Some couples split everything 50-50. This method works well for people who have similar salaries and debt loads. In this case, all expenses are shared expenses. Others negotiate different ratios or split some expenses and share others.
Whatever you decide to do, make sure to organize expenses for your situation. For example, if you share some expenses but handle others individually, you could have three columns: shared, partner one and partner two.
Remember, not everything needs to be equal. If one person makes substantially more than the other, it’s unlikely both will be able to contribute the same amount. Your job is to build a household budget that works for you as a couple, and that takes honest communication. Get ahead of these money issues with a chat about financial priorities.
Now that you’ve worked together to create a budget, you’re one step closer to managing your money as a team.

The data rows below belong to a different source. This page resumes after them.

definition sample_proj ::
  "(('a \<Rightarrow> real) \<Rightarrow> ('a \<Rightarrow> real) \<Rightarrow> real) \<Rightarrow> (nat \<Rightarrow> 'a \<Rightarrow> real) \<Rightarrow> nat \<Rightarrow> ('a \<Rightarrow> real) set \<Rightarrow>
    (nat \<Rightarrow> real) \<Rightarrow> nat \<Rightarrow> real"
  where "sample_proj f h N B = nearest_point (sample_inner f h N) (sample_map f h N ` B)"

definition sample_pinv ::
  "(('a \<Rightarrow> real) \<Rightarrow> ('a \<Rightarrow> real) \<Rightarrow> real) \<Rightarrow> (nat \<Rightarrow> 'a \<Rightarrow> real) \<Rightarrow> nat \<Rightarrow> ('a \<Rightarrow> real) set \<Rightarrow>
    (nat \<Rightarrow> real) \<Rightarrow> 'a \<Rightarrow> real"
  where "sample_pinv f h N B w = (SOME u. u \<in> B \<and> sample_map f h N u = sample_proj f h N B w \<and>
      (\<forall>u'\<in>B. sample_map f h N u' = sample_proj f h N B w \<longrightarrow> form_norm f u \<le> form_norm f u'))"

lemma sample_inner_semi_inner: "semi_inner_space UNIV (sample_inner f h N)"
proof
  fix u v w :: "nat \<Rightarrow> real" and a b :: real
  show "sample_inner f h N (\<lambda>t. a * u t + b * v t) w = a * sample_inner f h N u w + b * sample_inner f h N v w"
    unfolding sample_inner_def
    by (simp add: sum.distrib sum_distrib_left add_divide_distrib distrib_right mult.assoc)
  show "sample_inner f h N u v = sample_inner f h N v u" unfolding sample_inner_def by (simp add: mult.commute)
  show "0 \<le> sample_inner f h N u u" unfolding sample_inner_def by (intro sum_nonneg) simp
qed auto

lemma decrement_tendsto_zero:
  fixes a q :: "nat \<Rightarrow> real"
  assumes a: "\<And>k. 0 \<le> a k" and q: "\<And>k. 0 \<le> q k" and step: "\<And>k. a (Suc k) \<le> a k - q k"
  shows "q \<longlonglongrightarrow> 0"
proof -
  have "a (Suc k) \<le> a k" for k using step[of k] q[of k] by linarith
  then have "decseq a" by (rule decseq_SucI)
  then obtain L where L: "a \<longlonglongrightarrow> L" using decseq_convergent[of a 0] a by blast
  have "(\<lambda>k. a k - a (Suc k)) \<longlonglongrightarrow> L - L" by (intro tendsto_diff L LIMSEQ_Suc[OF L])
  then have "(\<lambda>k. a k - a (Suc k)) \<longlonglongrightarrow> 0" by simp
  moreover have "q k \<le> a k - a (Suc k)" for k using step[of k] by simp
  ultimately show ?thesis using q by (intro tendsto_sandwich[of "\<lambda>_. 0" q]) auto
qed

locale sampling_setting = semi_inner_space V f for V :: "('a \<Rightarrow> real) set" and f +
  fixes B :: "('a \<Rightarrow> real) set" and h :: "nat \<Rightarrow> 'a \<Rightarrow> real" and N :: nat
    and b :: "nat \<Rightarrow> 'a \<Rightarrow> real"
  assumes B_subset: "B \<subseteq> V" and B_zero: "(\<lambda>_. 0) \<in> B"
    and B_lincomb: "u \<in> B \<Longrightarrow> v \<in> B \<Longrightarrow> (\<lambda>t. a * u t + c * v t) \<in> B"
    and h_V: "n \<in> {1..N} \<Longrightarrow> h n \<in> V"
    and h_orth: "m \<in> {1..N} \<Longrightarrow> n \<in> {1..N} \<Longrightarrow> m \<noteq> n \<Longrightarrow> f (h m) (h n) = 0"
    and h_pos: "n \<in> {1..N} \<Longrightarrow> f (h n) (h n) > 0"
    and b_B: "n \<in> {1..N} \<Longrightarrow> b n \<in> B"
    and b_orth: "n \<in> {1..N} \<Longrightarrow> v \<in> B \<Longrightarrow> f (\<lambda>t. h n t - b n t) v = 0"
begin

abbreviation "g \<equiv> sample_inner f h N"
abbreviation "H \<equiv> sample_map f h N"

sublocale samples: semi_inner_space UNIV g by (rule sample_inner_semi_inner)

lemma B_V: "u \<in> B \<Longrightarrow> u \<in> V" using B_subset by auto

lemma b_V: "n \<in> {1..N} \<Longrightarrow> b n \<in> V" using b_B B_V by auto

lemma B_add: "u \<in> B \<Longrightarrow> v \<in> B \<Longrightarrow> (\<lambda>t. u t + v t) \<in> B"
  using B_lincomb[of u v 1 1] by simp

lemma B_diff: "u \<in> B \<Longrightarrow> v \<in> B \<Longrightarrow> (\<lambda>t. u t - v t) \<in> B"
  using B_lincomb[of u v 1 "-1"] by simp

lemma B_sum: "finite I \<Longrightarrow> (\<And>i. i \<in> I \<Longrightarrow> u i \<in> B) \<Longrightarrow> (\<lambda>t. \<Sum>i\<in>I. c i * u i t) \<in> B"
proof (induction I rule: finite_induct)
  case empty then show ?case using B_zero by simp
next
  case (insert j I)
  then have "(\<lambda>t. c j * u j t + 1 * (\<Sum>i\<in>I. c i * u i t)) \<in> B" by (intro B_lincomb) auto
  then show ?case using insert by simp
qed

lemma sample_inner_eq: "g x y = (\<Sum>n=1..N. x n * y n / f (h n) (h n))"
  unfolding sample_inner_def form_norm_def by (intro sum.cong) (auto simp: less_imp_le[OF h_pos])

lemma sample_inner_cong:
  "(\<And>n. n \<in> {1..N} \<Longrightarrow> y n = y' n) \<Longrightarrow> g x y = g x y'"
  unfolding sample_inner_def by (intro sum.cong) auto

lemma b_inner: "n \<in> {1..N} \<Longrightarrow> v \<in> B \<Longrightarrow> f (b n) v = f (h n) v"
  using b_orth[of n v] f_diff_left[OF h_V b_V B_V, of n n v] by simp

lemma sample_map_sum:
  assumes "finite I" "\<And>i. i \<in> I \<Longrightarrow> u i \<in> V"
  shows "H (\<lambda>t. \<Sum>i\<in>I. c i * u i t) = (\<lambda>n. \<Sum>i\<in>I. c i * H (u i) n)"
proof
  fix n show "H (\<lambda>t. \<Sum>i\<in>I. c i * u i t) n = (\<Sum>i\<in>I. c i * H (u i) n)"
    using f_sum_right[of I u "h n" c] assms h_V[of n] by (auto simp: sample_map_def)
qed

lemma sample_map_lincomb:
  "u \<in> V \<Longrightarrow> v \<in> V \<Longrightarrow> H (\<lambda>t. a * u t + c * v t) = (\<lambda>n. a * H u n + c * H v n)"
  unfolding sample_map_def using f_lincomb_right h_V by auto

lemma sample_map_diff: "u \<in> V \<Longrightarrow> v \<in> V \<Longrightarrow> H (\<lambda>t. u t - v t) = (\<lambda>n. H u n - H v n)"
  using sample_map_lincomb[of u v 1 "-1"] by simp

lemma sample_map_null_equiv: "null_equiv u v \<Longrightarrow> u \<in> V \<Longrightarrow> v \<in> V \<Longrightarrow> H u = H v"
  unfolding sample_map_def using null_equiv_f_right h_V by auto

text \<open>\<open>sample_adjoint\<close> is the adjoint \<open>H\<^sup>*\<close> of the sampling map for the weighted inner product
  \<open>g\<close>, and \<open>band_adjoint r\<close> is its projection onto \<open>B\<close>.\<close>
definition sample_adjoint :: "(nat \<Rightarrow> real) \<Rightarrow> 'a \<Rightarrow> real" where
  "sample_adjoint r = (\<lambda>t. \<Sum>n\<in>{1..N}. (r n / f (h n) (h n)) * h n t)"

definition band_adjoint :: "(nat \<Rightarrow> real) \<Rightarrow> 'a \<Rightarrow> real" where
  "band_adjoint r = (\<lambda>t. \<Sum>n\<in>{1..N}. (r n / f (h n) (h n)) * b n t)"

lemma sample_adjoint_V: "sample_adjoint r \<in> V"
  unfolding sample_adjoint_def by (rule V_sum) (auto simp: h_V)

lemma band_adjoint_B: "band_adjoint r \<in> B"
  unfolding band_adjoint_def by (rule B_sum) (auto simp: b_B)

lemma band_adjoint_V: "band_adjoint r \<in> V"
  using band_adjoint_B B_V by auto

lemma band_adjoint_diff: "band_adjoint (\<lambda>n. r n - s n) = (\<lambda>t. band_adjoint r t - band_adjoint s t)"
  unfolding band_adjoint_def by (auto simp: diff_divide_distrib left_diff_distrib sum_subtractf)

lemma sample_adjoint_inner: "v \<in> V \<Longrightarrow> f (sample_adjoint r) v = g r (H v)"
  unfolding sample_adjoint_def sample_inner_eq
  by (subst f_sum_left) (auto simp: h_V sample_map_def intro: sum.cong)

lemma band_adjoint_inner: "v \<in> B \<Longrightarrow> f (band_adjoint r) v = g r (H v)"
  unfolding band_adjoint_def sample_inner_eq
  by (subst f_sum_left) (auto simp: b_V B_V b_inner sample_map_def intro: sum.cong)

lemma sample_map_sample_adjoint: "n \<in> {1..N} \<Longrightarrow> H (sample_adjoint r) n = r n"
proof -
  assume n: "n \<in> {1..N}"
  have "f (h n) (sample_adjoint r) = (\<Sum>m\<in>{1..N}. (r m / f (h m) (h m)) * f (h n) (h m))"
    unfolding sample_adjoint_def using n by (intro f_sum_right) (auto simp: h_V)
  also have "\<dots> = (\<Sum>m\<in>{1..N}. if m = n then r n else 0)"
    by (intro sum.cong) (use n h_pos in \<open>auto simp: h_orth less_imp_neq[symmetric]\<close>)
  finally show ?thesis using n by (simp add: sample_map_def)
qed

lemma bessel_inequality:
  assumes v: "v \<in> V" shows "g (H v) (H v) \<le> f v v"
proof -
  define G where "G = sample_adjoint (H v)"
  have GV: "G \<in> V" unfolding G_def by (rule sample_adjoint_V)
  have "f v G = g (H v) (H v)"
    using sample_adjoint_inner[OF v] f_sym[OF v GV] unfolding G_def by simp
  moreover have "f G G = g (H v) (H v)"
    using sample_adjoint_inner[OF GV, of "H v"] sample_map_sample_adjoint
    by (auto simp: G_def intro: sample_inner_cong)
  moreover have "0 \<le> f (\<lambda>t. v t - G t) (\<lambda>t. v t - G t)" by (intro f_nonneg V_diff v GV)
  ultimately show ?thesis using f_expand_diff[OF v GV] by simp
qed

lemma residual_energy_decrease:
  "g (\<lambda>n. r n - H (band_adjoint r) n) (\<lambda>n. r n - H (band_adjoint r) n)
     \<le> g r r - f (band_adjoint r) (band_adjoint r)"
proof -
  have "g (\<lambda>n. r n - H (band_adjoint r) n) (\<lambda>n. r n - H (band_adjoint r) n)
      = g r r - 2 * g r (H (band_adjoint r)) + g (H (band_adjoint r)) (H (band_adjoint r))"
    by (rule samples.f_expand_diff) auto
  moreover have "g (H (band_adjoint r)) (H (band_adjoint r)) \<le> f (band_adjoint r) (band_adjoint r)"
    by (rule bessel_inequality[OF band_adjoint_V])
  ultimately show ?thesis using band_adjoint_inner[OF band_adjoint_B, of r] by simp
qed

lemma exists_band_adjoint_same_samples:
  assumes v: "v \<in> B" shows "\<exists>r. H (band_adjoint r) = H v"
proof -
  obtain P where P: "P \<in> lin_span {1..N} b" "\<forall>w\<in>lin_span {1..N} b. f (\<lambda>t. v t - P t) w = 0"
    using exists_orthogonal_projection_onto_span[of "{1..N}" b v] b_V B_V v by auto
  obtain c where c: "P = (\<lambda>t. \<Sum>n\<in>{1..N}. c n * b n t)" using P(1) unfolding lin_span_def by auto
  define r where "r n = c n * f (h n) (h n)" for n
  have P_eq: "P = band_adjoint r" unfolding c band_adjoint_def r_def
    by (intro ext sum.cong refl) (use h_pos in \<open>auto simp: less_imp_neq[symmetric]\<close>)
  have PB: "P \<in> B" unfolding P_eq by (rule band_adjoint_B)
  have "f (h n) v = f (h n) P" if n: "n \<in> {1..N}" for n
  proof -
    have "f (h n) (\<lambda>t. v t - P t) = f (\<lambda>t. v t - P t) (b n)"
      using b_inner[OF n B_diff[OF v PB]] f_sym[OF b_V[OF n] V_diff[OF B_V[OF v] B_V[OF PB]]] by simp
    also have "\<dots> = 0" using P(2) lin_span_generator[of n "{1..N}" b] n by auto
    finally show ?thesis using f_diff_right[OF B_V[OF v] B_V[OF PB] h_V[OF n]] by simp
  qed
  then have "H (band_adjoint r) = H v" unfolding P_eq[symmetric] by (auto simp: sample_map_def)
  then show ?thesis by blast
qed

lemma sample_range_eq_span: "H ` B = lin_span {1..N} (\<lambda>n. H (b n))"
proof
  show "H ` B \<subseteq> lin_span {1..N} (\<lambda>n. H (b n))"
  proof
    fix y assume "y \<in> H ` B"
    then obtain v where v: "v \<in> B" "y = H v" by auto
    obtain r where "H (band_adjoint r) = H v" using exists_band_adjoint_same_samples[OF v(1)] ..
    moreover have "H (band_adjoint r) = (\<lambda>m. \<Sum>n\<in>{1..N}. (r n / f (h n) (h n)) * H (b n) m)"
      unfolding band_adjoint_def by (rule sample_map_sum) (auto simp: b_V)
    ultimately have "y = (\<lambda>m. \<Sum>n\<in>{1..N}. (r n / f (h n) (h n)) * H (b n) m)" using v(2) by simp
    then show "y \<in> lin_span {1..N} (\<lambda>n. H (b n))"
      unfolding lin_span_def by (intro CollectI exI[of _ "\<lambda>n. r n / f (h n) (h n)"])
  qed
next
  show "lin_span {1..N} (\<lambda>n. H (b n)) \<subseteq> H ` B"
  proof
    fix y assume "y \<in> lin_span {1..N} (\<lambda>n. H (b n))"
    then obtain c where c: "y = (\<lambda>m. \<Sum>n\<in>{1..N}. c n * H (b n) m)" unfolding lin_span_def by auto
    have "y = H (\<lambda>t. \<Sum>n\<in>{1..N}. c n * b n t)" unfolding c by (rule sample_map_sum[symmetric]) (auto simp: b_V)
    moreover have "(\<lambda>t. \<Sum>n\<in>{1..N}. c n * b n t) \<in> B" by (rule B_sum) (auto simp: b_B)
    ultimately show "y \<in> H ` B" by blast
  qed
qed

When you subtract your expenses from your income, whatever’s left is money you can use to invest or save without overspending. You can decide with your partner whether to pool surplus money, use it separately or do a combination of the two. For instance, if you have $500 left and your partner has $800, you might opt to both put $300 toward your down payment and then spend the rest however you choose.
Your budget is also useful for managing your money more effectively. For instance, if you notice that you’re spending a lot on take-away food, you could find more to invest or save by eating in more or packing a lunch from home.
Like anything else, budgeting gets easier with practice. Luckily, there are great tools to help you stay on track. The Scotia Smart Money by Advice+ is a tool on the Scotiabank mobile app1 that puts your finances in the palm of your hand. You can set up your individual budget through Scotia Smart Money. You can categorize and track your expenses, set spending limits and access on-the-fly money information, from cash flow to credit reports.
Bottom line
Relationships are about learning to work together as a team. When you prioritize money matters with your partner, you can look forward to meeting your personal and joint financial goals — now and in the future.